Originally from France, I trained in both software engineering and design before moving to Canada 9 years ago. My interests span activism, politics, museography, information design, open data and technology. I have been publishing and contributing to open-source since 1999, and I believe above all else in in participation, free sharing of information, and the power of communities. I co-founded the local open data movement in Montréal and information design studio, FFunction, which is now in its seventh year. More recently, I started exploring how offline networks can change our understanding of information sharing, and how it can be applied to locative art and new media. I live and work in Montréal.
Invisible Islands is a locative new media project that poses a simple question: "what happens when information is anchored in the physical space?" Using offline networks powered by Raspberry PIs and open-source software, the Islands create a digital overlay that is only accessible at a specific location. Because they are disconnected from the Internet, the Islands create a surveillance-free data space for the community to exchange and interact on a social and creative level.

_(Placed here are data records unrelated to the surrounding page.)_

(* The map $R$ is Lebesgue measurable. Every fiber $R^{-1}(y)$, $y\in[0,1]$, is non-empty and has a maximum element $S(y)$, and $S([0,1])\subset[0,1]\setminus\mathscr N$; in particular $S([0,1])$ has Lebesgue measure zero, and $R\circ S=\mathrm{id}_{[0,1]}$. Consequently $R$ is not bi-measurable: there exists a Lebesgue-null set $E\subset[0,1]$ such that $R(E)$ is not Lebesgue measurable.
   Context: Define $\rho$ on binary words: for $b=b_1b_2\dots$, $\rho(b)$ is obtained by deleting every digit $b_n=0$ and replacing every $b_n=1$ by $0$ if $n$ is odd and by $1$ if $n$ is even. For $x\in(0,1]$ let $\beta(x)$ be the unique binary expansion of $x$ with infinitely many $1$'s. Define $R:[0,1]\to[0,1]$ by $R(0)=2/3$ and, for $x\in(0,1]$, $R(x)=\sum_{n\ge1}c_n2^{-n}$ where $c=\rho(\beta(x))$. $\mathscr N\subset[0,1]$ denotes the set of numbers normal in base $2$ (every binary word of length $k$ occurs in the binary expansion with asymptotic frequency $2^{-k}$, for every $k\ge1$). *)

theory Defs
  imports "HOL-Analysis.Analysis" "HOL-Library.Infinite_Set"
begin

text \<open>Binary words are infinite sequences \<open>nat \<Rightarrow> bool\<close>, indexed from 0:
  position i here corresponds to the paper's digit b_(i+1).\<close>

definition bin_val :: "(nat \<Rightarrow> bool) \<Rightarrow> real" where
  "bin_val b = (\<Sum>n. (if b n then 1 else 0) / 2 ^ (Suc n))"

definition beta :: "real \<Rightarrow> (nat \<Rightarrow> bool)" where
  "beta x = (THE b. bin_val b = x \<and> infinite {n. b n})"

text \<open>rho on words with infinitely many 1's: delete the 0 digits and replace
  the 1 at (paper) position n by 0 if n is odd and by 1 if n is even.
  The k-th surviving digit (0-indexed) comes from the k-th 1, at 0-indexed
  position p = enumerate {n. b n} k, i.e. paper position p+1; it becomes 1
  iff p+1 is even iff p is odd.\<close>
definition rho :: "(nat \<Rightarrow> bool) \<Rightarrow> (nat \<Rightarrow> bool)" where
  "rho b = (\<lambda>k. odd (enumerate {n. b n} k))"

definition R :: "real \<Rightarrow> real" where
  "R x = (if x = 0 then 2/3 else bin_val (rho (beta x)))"

definition digits :: "real \<Rightarrow> (nat \<Rightarrow> bool)" where
  "digits x = (if x = 0 then (\<lambda>_. False) else beta x)"

definition normal2 :: "real set" where
  "normal2 = {x \<in> {0..1}. \<forall>k\<ge>1. \<forall>w::bool list. length w = k \<longrightarrow>
      ((\<lambda>N. real (card {i. i < N \<and> (\<forall>j<k. digits x (i + j) = w ! j)}) / real N)
        \<longlonglongrightarrow> 1 / 2 ^ k)}"

definition S :: "real \<Rightarrow> real" where
  "S y = (GREATEST x. x \<in> {0..1} \<and> R x = y)"

end

theory Submission
  imports Defs
begin

(* For x in (0, 1], the word rho (beta x) records the parities of the positions of the 1's of beta x.
   Given a target word c, placing each 1 at the first position after the previous one with the
   required parity gives positions that are pointwise minimal among all admissible choices, hence
   the largest x with rho (beta x) = c. A real y has at most two binary expansions, so the fiber of
   R over y has a maximum S y, which is such a greedy value. Greedy positions never leave two
   consecutive places empty, so the expansion of S y contains no block 00: S y is not normal, and
   S([0, 1]) lies in the set of values of words without 00, which is covered by 3^n intervals of
   length 4^-n. Since R (S y) = y, R maps the null set S(V), V a Vitali set, onto V. *)

section \<open>Binary expansions\<close>

definition bin_term :: "(nat \<Rightarrow> bool) \<Rightarrow> nat \<Rightarrow> real" where
  "bin_term b n = (if b n then 1 else 0) / 2 ^ Suc n"

lemma bin_term_nonneg: "0 \<le> bin_term b n"
  by (simp add: bin_term_def)

lemma bin_term_le: "bin_term b n \<le> (1/2) ^ Suc n"
  by (simp add: bin_term_def power_divide)

lemma summable_bin_term: "summable (bin_term b)"
  by (rule summable_comparison_test'[OF sums_summable[OF power_half_series], where N=0])
    (metis bin_term_le bin_term_nonneg real_norm_def abs_of_nonneg)

lemma bin_val_eq_suminf: "bin_val b = (\<Sum>n. bin_term b n)"
  by (simp add: bin_val_def bin_term_def)

lemma bin_val_nonneg: "0 \<le> bin_val b"
  unfolding bin_val_eq_suminf by (rule suminf_nonneg[OF summable_bin_term bin_term_nonneg])

lemma bin_val_le_1: "bin_val b \<le> 1"
proof -
  have "bin_val b \<le> (\<Sum>n. (1/2) ^ Suc n)"
    unfolding bin_val_eq_suminf
    by (rule suminf_le[OF bin_term_le summable_bin_term sums_summable[OF power_half_series]])
  then show ?thesis
    using sums_unique[OF power_half_series, symmetric] by simp
qed

lemma bin_val_pos: "b j \<Longrightarrow> 0 < bin_val b"
  unfolding bin_val_eq_suminf
  by (rule suminf_pos2[OF summable_bin_term bin_term_nonneg, where i=j]) (simp add: bin_term_def)

lemma bin_val_add_complement: "bin_val b + bin_val (\<lambda>n. \<not> b n) = 1"
proof -
  have "bin_val b + bin_val (\<lambda>n. \<not> b n) = (\<Sum>n. bin_term b n + bin_term (\<lambda>n. \<not> b n) n)"
    unfolding bin_val_eq_suminf by (rule suminf_add[OF summable_bin_term summable_bin_term])
  also have "(\<lambda>n. bin_term b n + bin_term (\<lambda>n. \<not> b n) n) = (\<lambda>n. (1/2) ^ Suc n)"
    by (auto simp: bin_term_def power_divide)
  finally show ?thesis
    using sums_unique[OF power_half_series, symmetric] by simp
qed

lemma bin_val_less_1: "\<not> b j \<Longrightarrow> bin_val b < 1"
  using bin_val_add_complement[of b] bin_val_pos[of "\<lambda>n. \<not> b n" j] by simp

lemma bin_val_shift: "bin_val b = (if b 0 then 1/2 else 0) + bin_val (\<lambda>n. b (Suc n)) / 2"
proof -
  have "bin_val (\<lambda>n. b (Suc n)) = (\<Sum>n. 2 * bin_term b (Suc n))"
    unfolding bin_val_eq_suminf by (rule arg_cong[where f=suminf]) (auto simp: bin_term_def)
  also have "\<dots> = 2 * (\<Sum>n. bin_term b (Suc n))"
    by (rule suminf_mult) (simp add: summable_bin_term summable_Suc_iff)
  also have "(\<Sum>n. bin_term b (Suc n)) = bin_val b - bin_term b 0"
    unfolding bin_val_eq_suminf by (rule suminf_split_head[OF summable_bin_term])
  finally have "bin_val (\<lambda>n. b (Suc n)) = 2 * (bin_val b - bin_term b 0)" .
  then have "bin_val b = bin_term b 0 + bin_val (\<lambda>n. b (Suc n)) / 2"
    by (simp add: field_simps)
  then show ?thesis
    by (simp add: bin_term_def)
qed

lemma bin_val_less:
  assumes "b n" "\<not> b' n" "\<forall>i<n. b i = b' i" "(\<exists>j>n. b j) \<or> (\<exists>j>n. \<not> b' j)"
  shows "bin_val b' < bin_val b"
  using assms
proof (induction n arbitrary: b b')
  case 0
  let ?t = "\<lambda>n. b (Suc n)" and ?t' = "\<lambda>n. b' (Suc n)"
  have "0 < bin_val ?t \<or> bin_val ?t' < 1"
    using "0.prems"(4)
  proof (elim disjE exE conjE)
    fix j assume "0 < j" "b j"
    then show ?thesis using bin_val_pos[of ?t "j - 1"] by simp
  next
    fix j assume "0 < j" "\<not> b' j"
    then show ?thesis using bin_val_less_1[of ?t' "j - 1"] by simp
  qed
  moreover have "bin_val b = 1/2 + bin_val ?t / 2" "bin_val b' = bin_val ?t' / 2"
    using "0.prems"(1,2) bin_val_shift[of b] bin_val_shift[of b'] by simp_all
  ultimately show ?case
    using bin_val_nonneg[of ?t] bin_val_le_1[of ?t'] by linarith
next
  case (Suc n)
  let ?t = "\<lambda>n. b (Suc n)" and ?t' = "\<lambda>n. b' (Suc n)"
  have "(\<exists>j>n. ?t j) \<or> (\<exists>j>n. \<not> ?t' j)"
    using Suc.prems(4)
  proof (elim disjE exE conjE)
    fix j assume "Suc n < j" "b j"
    then show ?thesis by (intro disjI1 exI[of _ "j - 1"]) simp
  next
    fix j assume "Suc n < j" "\<not> b' j"
    then show ?thesis by (intro disjI2 exI[of _ "j - 1"]) simp
  qed
  then have "bin_val ?t' < bin_val ?t"
    using Suc.prems(1-3) by (intro Suc.IH) auto
  moreover have "b 0 = b' 0"
    using Suc.prems(3) by blast
  ultimately show ?case
    by (subst (1 2) bin_val_shift) simp
qed

lemma bin_val_inj:
  assumes "bin_val b = bin_val b'" and "finite {n. b n} \<longleftrightarrow> finite {n. b' n}"
  shows "b = b'"
proof -
  have less: "bin_val b' < bin_val b"
    if "b n" "\<not> b' n" "\<forall>i<n. b i = b' i" "finite {n. b n} \<longleftrightarrow> finite {n. b' n}" for b b' n
  proof (rule bin_val_less[OF that(1-3)])
    show "(\<exists>j>n. b j) \<or> (\<exists>j>n. \<not> b' j)"
    proof (cases "finite {n. b' n}")
      case True
      then obtain m where "\<forall>i. b' i \<longrightarrow> i \<le> m"
        unfolding finite_nat_set_iff_bounded_le by blast
      then show ?thesis
        by (intro disjI2 exI[of _ "Suc (max n m)"]) auto
    next
      case False
      then have "infinite {n. b n}"
        using that(4) by simp
      then show ?thesis
        unfolding infinite_nat_iff_unbounded by auto
    qed
  qed
  show ?thesis
  proof (rule ccontr)
    assume "b \<noteq> b'"
    then obtain m where "b m \<noteq> b' m"
      by blast
    define n where "n = (LEAST n. b n \<noteq> b' n)"
    have "b n \<noteq> b' n"
      unfolding n_def by (rule LeastI[of _ m]) fact
    moreover have "\<forall>i<n. b i = b' i"
      using not_less_Least unfolding n_def by blast
    ultimately have "bin_val b' < bin_val b \<or> bin_val b < bin_val b'"
      using less[of b n b'] less[of b' n b] assms(2) by (cases "b n") simp_all
    then show False
      using assms(1) by simp
  qed
qed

Invisible Islands was developed and deployed for the first time in 2014 in Aarhus, Denmark. The project was hosted by the Centre for Advanced Visualization and Interaction at Aarhus University and spread throughout the city in various urban sites, allowing for an initial exploration of offline networks deployment in urban space.
In the Montréal iteration of Invisible Islands in 2015, which was supported by the National Film Board, I worked with Canadian writer Daniel Canty to create a site-specific narrative where fragments of a story are woven throughout several points of the city's Quartier des Spectacles, Montreal's cultural center and former red-light district.
Many questions and challenges pop up when deploying digital devices in the urban space, from the legal grey-area to citizen engagement and how projects of this nature fit into contemporary discourse about locative art, site-specificity, activism, spatial annotation, place-based storytelling and mobile gameplay. In this talk, I'll share thoughts about my journey through offline networks, both from a technological, creative and societal standpoint.